▸ **DATASET**:
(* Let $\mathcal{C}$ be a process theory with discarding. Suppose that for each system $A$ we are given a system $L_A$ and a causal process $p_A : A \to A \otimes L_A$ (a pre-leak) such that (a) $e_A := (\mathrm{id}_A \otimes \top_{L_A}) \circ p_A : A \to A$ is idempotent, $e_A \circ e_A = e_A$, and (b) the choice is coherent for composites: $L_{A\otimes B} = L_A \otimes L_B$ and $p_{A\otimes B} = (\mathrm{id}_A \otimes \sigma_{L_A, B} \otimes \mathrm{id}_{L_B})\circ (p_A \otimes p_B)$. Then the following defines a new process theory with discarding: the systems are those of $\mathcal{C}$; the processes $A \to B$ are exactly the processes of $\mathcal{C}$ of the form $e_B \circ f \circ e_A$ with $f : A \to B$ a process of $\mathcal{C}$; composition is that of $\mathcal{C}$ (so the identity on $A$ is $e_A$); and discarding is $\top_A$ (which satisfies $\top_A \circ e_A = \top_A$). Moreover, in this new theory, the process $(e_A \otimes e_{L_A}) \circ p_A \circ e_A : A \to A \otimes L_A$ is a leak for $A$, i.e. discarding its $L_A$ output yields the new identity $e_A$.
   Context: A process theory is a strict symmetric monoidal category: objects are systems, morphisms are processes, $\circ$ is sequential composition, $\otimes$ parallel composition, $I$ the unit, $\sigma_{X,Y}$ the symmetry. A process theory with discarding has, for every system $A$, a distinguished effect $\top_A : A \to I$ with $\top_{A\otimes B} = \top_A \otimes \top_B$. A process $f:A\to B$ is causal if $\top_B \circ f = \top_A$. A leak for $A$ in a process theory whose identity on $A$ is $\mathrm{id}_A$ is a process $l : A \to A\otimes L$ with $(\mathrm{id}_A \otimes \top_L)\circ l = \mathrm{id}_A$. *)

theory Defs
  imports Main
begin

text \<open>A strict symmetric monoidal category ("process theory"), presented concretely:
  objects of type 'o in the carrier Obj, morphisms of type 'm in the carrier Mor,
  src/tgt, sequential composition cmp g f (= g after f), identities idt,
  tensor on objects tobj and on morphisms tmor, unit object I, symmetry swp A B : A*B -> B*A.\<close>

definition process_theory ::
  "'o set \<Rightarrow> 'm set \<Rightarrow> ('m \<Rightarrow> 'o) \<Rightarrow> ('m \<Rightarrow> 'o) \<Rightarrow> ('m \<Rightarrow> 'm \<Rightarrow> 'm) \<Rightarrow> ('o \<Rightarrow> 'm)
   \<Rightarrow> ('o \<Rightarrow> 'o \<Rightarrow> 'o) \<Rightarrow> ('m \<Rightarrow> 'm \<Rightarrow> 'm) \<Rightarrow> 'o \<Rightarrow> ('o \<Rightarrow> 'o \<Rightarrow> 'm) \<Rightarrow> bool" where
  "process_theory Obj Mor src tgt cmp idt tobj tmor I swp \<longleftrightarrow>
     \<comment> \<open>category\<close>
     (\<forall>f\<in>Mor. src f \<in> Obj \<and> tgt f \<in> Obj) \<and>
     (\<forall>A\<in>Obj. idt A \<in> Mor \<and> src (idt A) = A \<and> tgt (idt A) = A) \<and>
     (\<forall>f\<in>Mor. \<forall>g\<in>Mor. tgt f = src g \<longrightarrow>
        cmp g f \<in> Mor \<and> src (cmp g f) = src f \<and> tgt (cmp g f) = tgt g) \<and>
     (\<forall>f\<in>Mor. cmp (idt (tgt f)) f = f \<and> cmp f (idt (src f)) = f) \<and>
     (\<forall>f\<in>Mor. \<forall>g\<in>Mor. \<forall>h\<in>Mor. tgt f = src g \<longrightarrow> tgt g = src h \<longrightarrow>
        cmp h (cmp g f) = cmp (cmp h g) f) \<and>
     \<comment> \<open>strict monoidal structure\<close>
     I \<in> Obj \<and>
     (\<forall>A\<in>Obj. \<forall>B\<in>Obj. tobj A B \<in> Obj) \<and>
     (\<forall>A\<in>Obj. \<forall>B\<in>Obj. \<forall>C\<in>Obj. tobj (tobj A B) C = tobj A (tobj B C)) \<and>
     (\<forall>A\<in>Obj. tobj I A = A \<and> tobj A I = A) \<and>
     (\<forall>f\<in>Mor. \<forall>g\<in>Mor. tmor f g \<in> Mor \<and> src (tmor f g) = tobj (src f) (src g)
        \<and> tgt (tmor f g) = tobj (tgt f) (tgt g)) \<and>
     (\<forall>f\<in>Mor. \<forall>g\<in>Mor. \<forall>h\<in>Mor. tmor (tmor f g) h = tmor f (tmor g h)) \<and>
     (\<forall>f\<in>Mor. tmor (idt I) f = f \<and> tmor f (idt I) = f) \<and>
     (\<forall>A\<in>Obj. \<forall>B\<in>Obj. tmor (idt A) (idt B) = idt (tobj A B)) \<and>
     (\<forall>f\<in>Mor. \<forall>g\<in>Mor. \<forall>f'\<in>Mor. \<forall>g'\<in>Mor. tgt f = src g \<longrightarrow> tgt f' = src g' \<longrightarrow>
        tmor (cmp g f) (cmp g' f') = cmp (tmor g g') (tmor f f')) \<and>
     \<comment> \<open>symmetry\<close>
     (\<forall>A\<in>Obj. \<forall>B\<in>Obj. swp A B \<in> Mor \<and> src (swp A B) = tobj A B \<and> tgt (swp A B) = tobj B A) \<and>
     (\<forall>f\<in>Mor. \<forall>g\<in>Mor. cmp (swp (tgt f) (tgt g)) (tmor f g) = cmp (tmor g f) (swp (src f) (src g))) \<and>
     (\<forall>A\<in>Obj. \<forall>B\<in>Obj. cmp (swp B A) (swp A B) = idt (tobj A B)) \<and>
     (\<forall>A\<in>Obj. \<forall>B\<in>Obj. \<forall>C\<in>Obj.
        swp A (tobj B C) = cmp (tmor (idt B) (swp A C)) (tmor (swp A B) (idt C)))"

▸ **WORK ITEM**: Scan the data for the word "symmetry" and copy every line where it shows up.

▸ **TASK SOLUTION**:
   Context: A process theory is a strict symmetric monoidal category: objects are systems, morphisms are processes, $\circ$ is sequential composition, $\otimes$ parallel composition, $I$ the unit, $\sigma_{X,Y}$ the symmetry. A process theory with discarding has, for every system $A$, a distinguished effect $\top_A : A \to I$ with $\top_{A\otimes B} = \top_A \otimes \top_B$. A process $f:A\to B$ is causal if $\top_B \circ f = \top_A$. A leak for $A$ in a process theory whose identity on $A$ is $\mathrm{id}_A$ is a process $l : A \to A\otimes L$ with $(\mathrm{id}_A \otimes \top_L)\circ l = \mathrm{id}_A$. *)
  tensor on objects tobj and on morphisms tmor, unit object I, symmetry swp A B : A*B -> B*A.\<close>
     \<comment> \<open>symmetry\<close>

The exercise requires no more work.